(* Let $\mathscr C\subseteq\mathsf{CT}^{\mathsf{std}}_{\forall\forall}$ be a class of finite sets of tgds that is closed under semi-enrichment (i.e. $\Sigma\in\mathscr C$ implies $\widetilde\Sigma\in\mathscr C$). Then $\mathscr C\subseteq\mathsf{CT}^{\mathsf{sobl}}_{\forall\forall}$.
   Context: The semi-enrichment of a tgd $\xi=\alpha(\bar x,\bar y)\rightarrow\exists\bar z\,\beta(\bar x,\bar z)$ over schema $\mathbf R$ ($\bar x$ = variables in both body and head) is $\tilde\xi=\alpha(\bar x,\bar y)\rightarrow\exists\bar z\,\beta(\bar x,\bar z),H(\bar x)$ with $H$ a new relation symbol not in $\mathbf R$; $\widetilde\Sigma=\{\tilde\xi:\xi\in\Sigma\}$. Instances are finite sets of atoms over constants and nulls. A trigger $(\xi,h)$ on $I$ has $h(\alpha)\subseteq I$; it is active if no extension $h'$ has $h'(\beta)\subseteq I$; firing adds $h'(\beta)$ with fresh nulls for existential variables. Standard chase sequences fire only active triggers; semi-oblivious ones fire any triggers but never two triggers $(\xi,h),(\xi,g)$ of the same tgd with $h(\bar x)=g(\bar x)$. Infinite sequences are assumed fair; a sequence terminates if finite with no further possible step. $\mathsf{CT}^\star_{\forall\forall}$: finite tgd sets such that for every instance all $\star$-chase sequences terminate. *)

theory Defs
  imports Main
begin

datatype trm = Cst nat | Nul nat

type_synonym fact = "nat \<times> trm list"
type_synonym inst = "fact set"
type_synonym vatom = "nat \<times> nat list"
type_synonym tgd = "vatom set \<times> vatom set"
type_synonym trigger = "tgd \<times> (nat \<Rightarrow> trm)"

+++

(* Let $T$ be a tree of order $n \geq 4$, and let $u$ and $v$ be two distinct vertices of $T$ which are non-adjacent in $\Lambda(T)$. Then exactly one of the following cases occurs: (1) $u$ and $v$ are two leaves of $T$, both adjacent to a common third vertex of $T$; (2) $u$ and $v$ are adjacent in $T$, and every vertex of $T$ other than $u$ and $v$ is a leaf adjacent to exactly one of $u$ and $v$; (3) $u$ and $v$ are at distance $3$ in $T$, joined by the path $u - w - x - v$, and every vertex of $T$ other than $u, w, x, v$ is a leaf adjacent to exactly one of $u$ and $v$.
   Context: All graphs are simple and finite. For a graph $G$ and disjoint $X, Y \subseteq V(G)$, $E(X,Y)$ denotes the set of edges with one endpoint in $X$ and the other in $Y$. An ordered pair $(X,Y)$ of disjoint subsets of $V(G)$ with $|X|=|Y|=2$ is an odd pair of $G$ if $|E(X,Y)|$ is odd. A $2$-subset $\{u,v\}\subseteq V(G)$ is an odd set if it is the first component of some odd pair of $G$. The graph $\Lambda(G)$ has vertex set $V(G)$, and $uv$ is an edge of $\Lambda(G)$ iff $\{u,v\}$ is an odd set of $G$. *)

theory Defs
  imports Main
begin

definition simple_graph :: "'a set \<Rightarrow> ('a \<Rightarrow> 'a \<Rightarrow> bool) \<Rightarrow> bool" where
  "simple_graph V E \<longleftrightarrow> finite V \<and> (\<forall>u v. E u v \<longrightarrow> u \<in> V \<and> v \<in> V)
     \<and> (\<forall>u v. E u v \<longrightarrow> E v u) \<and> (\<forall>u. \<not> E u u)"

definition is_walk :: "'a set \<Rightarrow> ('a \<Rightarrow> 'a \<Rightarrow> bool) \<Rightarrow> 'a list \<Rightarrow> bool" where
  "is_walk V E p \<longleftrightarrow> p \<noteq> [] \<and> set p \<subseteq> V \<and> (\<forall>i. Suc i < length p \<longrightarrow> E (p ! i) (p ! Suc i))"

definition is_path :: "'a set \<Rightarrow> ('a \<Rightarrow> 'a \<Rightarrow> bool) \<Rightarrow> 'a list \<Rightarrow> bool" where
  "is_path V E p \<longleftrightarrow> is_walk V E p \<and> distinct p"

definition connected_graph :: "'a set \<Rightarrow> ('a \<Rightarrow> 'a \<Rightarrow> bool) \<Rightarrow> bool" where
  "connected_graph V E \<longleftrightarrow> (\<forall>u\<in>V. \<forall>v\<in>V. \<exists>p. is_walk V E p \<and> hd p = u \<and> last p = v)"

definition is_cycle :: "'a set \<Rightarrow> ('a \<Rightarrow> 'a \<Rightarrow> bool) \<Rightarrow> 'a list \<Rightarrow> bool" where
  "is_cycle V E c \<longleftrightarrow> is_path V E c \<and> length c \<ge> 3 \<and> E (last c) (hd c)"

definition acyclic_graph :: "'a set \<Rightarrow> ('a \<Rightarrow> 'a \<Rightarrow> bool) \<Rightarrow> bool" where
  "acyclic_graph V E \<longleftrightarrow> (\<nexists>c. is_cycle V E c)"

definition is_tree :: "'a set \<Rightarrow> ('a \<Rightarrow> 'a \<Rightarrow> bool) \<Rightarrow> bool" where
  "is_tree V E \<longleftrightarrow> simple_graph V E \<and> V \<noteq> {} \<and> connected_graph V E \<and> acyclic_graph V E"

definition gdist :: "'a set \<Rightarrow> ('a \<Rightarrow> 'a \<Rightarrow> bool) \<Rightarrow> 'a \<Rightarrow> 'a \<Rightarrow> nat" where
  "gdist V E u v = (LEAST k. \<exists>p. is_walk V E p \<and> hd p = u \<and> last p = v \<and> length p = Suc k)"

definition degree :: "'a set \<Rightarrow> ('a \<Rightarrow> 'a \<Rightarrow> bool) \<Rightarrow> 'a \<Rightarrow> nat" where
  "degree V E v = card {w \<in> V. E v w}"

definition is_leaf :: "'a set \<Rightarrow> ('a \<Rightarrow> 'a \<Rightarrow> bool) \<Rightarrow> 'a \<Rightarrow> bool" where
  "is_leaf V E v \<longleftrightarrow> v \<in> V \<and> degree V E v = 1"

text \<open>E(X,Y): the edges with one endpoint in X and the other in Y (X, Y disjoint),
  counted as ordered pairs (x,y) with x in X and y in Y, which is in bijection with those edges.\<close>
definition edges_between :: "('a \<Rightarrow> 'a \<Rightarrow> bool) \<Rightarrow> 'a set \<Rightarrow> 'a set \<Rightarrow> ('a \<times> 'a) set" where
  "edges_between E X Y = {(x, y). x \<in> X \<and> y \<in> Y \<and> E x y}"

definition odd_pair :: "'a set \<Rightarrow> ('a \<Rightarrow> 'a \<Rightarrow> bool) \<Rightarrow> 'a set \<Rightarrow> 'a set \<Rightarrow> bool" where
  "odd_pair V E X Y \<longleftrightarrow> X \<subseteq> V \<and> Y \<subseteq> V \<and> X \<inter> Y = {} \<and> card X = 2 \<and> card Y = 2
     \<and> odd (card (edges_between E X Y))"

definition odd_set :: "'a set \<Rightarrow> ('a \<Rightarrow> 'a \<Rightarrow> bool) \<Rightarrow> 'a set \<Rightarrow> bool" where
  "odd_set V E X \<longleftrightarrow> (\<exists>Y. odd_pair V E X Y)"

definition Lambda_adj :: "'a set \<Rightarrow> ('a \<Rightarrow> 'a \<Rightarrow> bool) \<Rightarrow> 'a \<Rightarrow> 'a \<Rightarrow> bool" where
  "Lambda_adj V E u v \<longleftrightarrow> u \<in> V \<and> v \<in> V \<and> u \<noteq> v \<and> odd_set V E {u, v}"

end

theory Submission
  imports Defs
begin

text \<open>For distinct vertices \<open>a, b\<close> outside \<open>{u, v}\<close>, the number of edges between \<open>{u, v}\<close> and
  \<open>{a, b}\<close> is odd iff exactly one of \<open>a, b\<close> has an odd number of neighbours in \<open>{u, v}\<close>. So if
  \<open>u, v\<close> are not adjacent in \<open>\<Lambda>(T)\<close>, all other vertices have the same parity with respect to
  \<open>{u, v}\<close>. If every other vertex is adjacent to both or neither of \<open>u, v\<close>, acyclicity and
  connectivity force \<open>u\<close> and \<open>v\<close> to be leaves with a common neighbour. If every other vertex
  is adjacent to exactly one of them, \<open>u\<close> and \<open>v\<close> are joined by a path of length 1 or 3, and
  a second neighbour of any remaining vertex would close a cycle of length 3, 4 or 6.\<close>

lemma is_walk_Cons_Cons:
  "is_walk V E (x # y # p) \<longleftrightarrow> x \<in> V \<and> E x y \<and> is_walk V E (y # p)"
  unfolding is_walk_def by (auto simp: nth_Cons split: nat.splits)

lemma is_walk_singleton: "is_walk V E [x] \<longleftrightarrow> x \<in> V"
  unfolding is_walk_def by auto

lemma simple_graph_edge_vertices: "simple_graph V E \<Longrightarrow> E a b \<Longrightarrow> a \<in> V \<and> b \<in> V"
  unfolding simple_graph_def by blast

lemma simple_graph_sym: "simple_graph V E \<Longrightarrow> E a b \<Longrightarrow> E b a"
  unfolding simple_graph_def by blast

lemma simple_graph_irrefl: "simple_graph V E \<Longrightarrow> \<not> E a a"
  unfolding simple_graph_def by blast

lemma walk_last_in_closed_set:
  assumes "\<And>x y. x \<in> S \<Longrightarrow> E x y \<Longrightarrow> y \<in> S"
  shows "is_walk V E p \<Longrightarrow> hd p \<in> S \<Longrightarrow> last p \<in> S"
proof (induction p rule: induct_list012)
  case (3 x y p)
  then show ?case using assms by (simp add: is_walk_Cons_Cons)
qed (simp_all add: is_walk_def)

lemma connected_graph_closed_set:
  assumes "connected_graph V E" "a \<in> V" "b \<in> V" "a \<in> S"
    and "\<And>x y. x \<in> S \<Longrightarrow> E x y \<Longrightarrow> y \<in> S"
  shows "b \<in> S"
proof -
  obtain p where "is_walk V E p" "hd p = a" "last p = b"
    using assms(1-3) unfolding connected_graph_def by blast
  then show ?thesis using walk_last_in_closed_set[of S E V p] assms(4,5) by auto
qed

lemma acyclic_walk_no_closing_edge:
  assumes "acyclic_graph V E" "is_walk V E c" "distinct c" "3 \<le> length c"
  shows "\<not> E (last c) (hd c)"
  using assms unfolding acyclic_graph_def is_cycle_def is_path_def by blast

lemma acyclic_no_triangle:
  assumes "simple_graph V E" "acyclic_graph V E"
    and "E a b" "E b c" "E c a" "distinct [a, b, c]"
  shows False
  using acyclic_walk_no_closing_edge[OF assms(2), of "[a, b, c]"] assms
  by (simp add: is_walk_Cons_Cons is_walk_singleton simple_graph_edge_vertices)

+++

■ Problem ■
Print exactly the lines above, between the one holding "E \<longleftrightarrow> simple_graph" and the one holding "(LEAST k. \<exists>p.", inclusive, and nothing besides.

■ Response area ■
  "is_tree V E \<longleftrightarrow> simple_graph V E \<and> V \<noteq> {} \<and> connected_graph V E \<and> acyclic_graph V E"

definition gdist :: "'a set \<Rightarrow> ('a \<Rightarrow> 'a \<Rightarrow> bool) \<Rightarrow> 'a \<Rightarrow> 'a \<Rightarrow> nat" where
  "gdist V E u v = (LEAST k. \<exists>p. is_walk V E p \<and> hd p = u \<and> last p = v \<and> length p = Suc k)"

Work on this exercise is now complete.